All experiments are performed on a laptop with the open-source Vespa container image.

Introduction

The fundamental concept behind text embedding models is transforming
textual data into a continuous vector space, wherein similar items
are brought closer together, and dissimilar ones are pushed farther
apart. Mapping multilingual texts into a unified vector embedding
space makes it possible to represent and compare queries and documents
from various languages within this shared space. By using contrastive
representation learning with retrieval data examples, we can make
embedding representations useful for retrieval with nearest neighbor
search.

Overview

A search system using embedding retrieval consists of two primary
processes:

  • Embedding inference, using an embedding model to map text to a
    point in a vector space of D dimensions.
  • Retrieval in the D dimensional vector space using nearest neighbor search.

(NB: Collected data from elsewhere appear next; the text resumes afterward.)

text \<open>Obtained by differentiating \<open>\<rho>\<^sup>-\<^sup>1 \<rho> = 1\<close> on \<open>U\<close>.\<close>

lemma wirt_matrix_inv:
  fixes \<rho> :: "complex^'n \<Rightarrow> complex^'n^'n"
  assumes "open U" "z \<in> U"
    and diff: "\<And>i j. (\<lambda>z'. \<rho> z' $ i $ j) differentiable (at z)"
    and inv: "\<And>z. z \<in> U \<Longrightarrow> invertible (\<rho> z)"
  shows "(\<chi> a b. wirt (\<lambda>z'. matrix_inv (\<rho> z') $ a $ b) z k) ** \<rho> z =
     - (matrix_inv (\<rho> z) ** (\<chi> i j. wirt (\<lambda>z'. \<rho> z' $ i $ j) z k))"
proof -
  define Dr where "Dr i j = frechet_derivative (\<lambda>z'. \<rho> z' $ i $ j) (at z)" for i j
  have dr: "((\<lambda>z'. \<rho> z' $ i $ j) has_derivative Dr i j) (at z)" for i j
    unfolding Dr_def frechet_derivative_works[symmetric] by (rule diff)
  define Di where "Di a b = frechet_derivative (\<lambda>z'. matrix_inv (\<rho> z') $ a $ b) (at z)" for a b
  have di: "((\<lambda>z'. matrix_inv (\<rho> z') $ a $ b) has_derivative Di a b) (at z)" for a b
    unfolding Di_def frechet_derivative_works[symmetric]
    by (rule differentiable_matrix_inv[OF assms(1,2) inv diff])
  have "(\<Sum>h\<in>UNIV. wirt (\<lambda>z'. matrix_inv (\<rho> z') $ a $ h) z k * \<rho> z $ h $ g)
      = - (\<Sum>h\<in>UNIV. matrix_inv (\<rho> z) $ a $ h * wirt (\<lambda>z'. \<rho> z' $ h $ g) z k)" for a g
  proof -
    let ?G = "\<lambda>z'. \<Sum>h\<in>UNIV. matrix_inv (\<rho> z') $ a $ h * \<rho> z' $ h $ g"
    let ?DG = "\<lambda>v. \<Sum>h\<in>UNIV. matrix_inv (\<rho> z) $ a $ h * Dr h g v + Di a h v * \<rho> z $ h $ g"
    have "(?G has_derivative ?DG) (at z)"
      by (intro has_derivative_sum has_derivative_mult di dr)
    moreover have "(?G has_derivative (\<lambda>v. 0)) (at z)"
    proof (rule has_derivative_transform_within_open[OF _ assms(1,2)])
      show "((\<lambda>x. mat 1 $ a $ g) has_derivative (\<lambda>v. 0)) (at z)" by simp
      show "mat 1 $ a $ g = ?G x" if "x \<in> U" for x
        using matrix_inv_left[OF inv[OF that]] by (simp add: matrix_matrix_mult_def vec_eq_iff)
    qed
    ultimately have "?DG = (\<lambda>v. 0)" by (rule has_derivative_unique)
    then have "wirt_coeff ?DG k = 0" by (simp add: wirt_coeff_def)
    then show ?thesis
      by (simp add: wirt_coeff_linear wirt_eq_wirt_coeff[OF dr] wirt_eq_wirt_coeff[OF di]
          sum.distrib eq_neg_iff_add_eq_0 add.commute)
  qed
  then show ?thesis by (simp add: vec_eq_iff matrix_matrix_mult_def)
qed

section \<open>Derivatives of the Lagrangian\<close>

lemma C2_on_differentiable_at:
  assumes "C2_on S f" "x \<in> S"
  shows "f differentiable (at x)"
    and "(\<lambda>p. frechet_derivative f (at p) v) differentiable (at x)"
  using assms at_within_open[of x S]
  unfolding C2_on_def differentiable_on_def by metis+

definition DL :: "(complex^'n \<Rightarrow> complex^'n \<Rightarrow> real) \<Rightarrow> (complex^'n) \<times> (complex^'n)
    \<Rightarrow> (complex^'n) \<times> (complex^'n) \<Rightarrow> real" where
  "DL L p = frechet_derivative (\<lambda>q. L (fst q) (snd q)) (at p)"

definition Lbar :: "(complex^'n \<Rightarrow> complex^'n \<Rightarrow> real) \<Rightarrow> 'n \<Rightarrow> (complex^'n) \<times> (complex^'n) \<Rightarrow> complex" where
  "Lbar L j p = wirtc_coeff (\<lambda>w. complex_of_real (DL L p (0, w))) j"

definition DLbar :: "(complex^'n \<Rightarrow> complex^'n \<Rightarrow> real) \<Rightarrow> 'n \<Rightarrow> (complex^'n) \<times> (complex^'n)
    \<Rightarrow> (complex^'n) \<times> (complex^'n) \<Rightarrow> complex" where
  "DLbar L j p = frechet_derivative (Lbar L j) (at p)"

context
  fixes U :: "(complex^'n) set" and L :: "complex^'n \<Rightarrow> complex^'n \<Rightarrow> real"
  assumes L_C2: "C2_on (U \<times> UNIV) (\<lambda>p. L (fst p) (snd p))"
begin

lemma has_derivative_L:
  "z \<in> U \<Longrightarrow> ((\<lambda>p. L (fst p) (snd p)) has_derivative DL L (z, y)) (at (z, y))"
  unfolding DL_def frechet_derivative_works[symmetric]
  by (rule C2_on_differentiable_at(1)[OF L_C2]) simp

lemma has_derivative_Lbar:
  assumes "z \<in> U"
  shows "(Lbar L j has_derivative DLbar L j (z, y)) (at (z, y))"
proof -
  have "(\<lambda>p. DL L p v) differentiable (at (z, y))" for v
    unfolding DL_def using assms by (intro C2_on_differentiable_at(2)[OF L_C2]) simp
  then have "Lbar L j differentiable (at (z, y))"
    unfolding Lbar_def[abs_def] wirtc_coeff_def
    by (intro differentiable_divide differentiable_add differentiable_mult differentiable_const
        differentiable_of_real) simp_all
  then show ?thesis unfolding DLbar_def frechet_derivative_works[symmetric] .
qed

lemma has_derivative_Lc_fibre:
  "z \<in> U \<Longrightarrow> ((\<lambda>y'. Lc L z y') has_derivative (\<lambda>w. of_real (DL L (z, y) (0, w)))) (at y)"
  unfolding Lc_def
  using has_derivative_of_real[OF has_derivative_partial(1)[OF has_derivative_L]] by simp

lemma d_ybar_Lc: "z \<in> U \<Longrightarrow> d_ybar (Lc L) z y j = Lbar L j (z, y)"
  unfolding d_ybar_def Lbar_def by (rule wirtc_eq_wirtc_coeff[OF has_derivative_Lc_fibre])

This blog post covers both aspects of an embedding retrieval system
and how to accelerate them, while also paying attention to the task
accuracy because what’s the point of having blazing fast but highly
inaccurate results?

Transformer Model Inferencing

The most popular text embedding models are typically based on
encoder-only Transformer models (such as BERT). We need a
high-level understanding of the complexity of encoder-only transformer
language models (without going deep into neural network architectures).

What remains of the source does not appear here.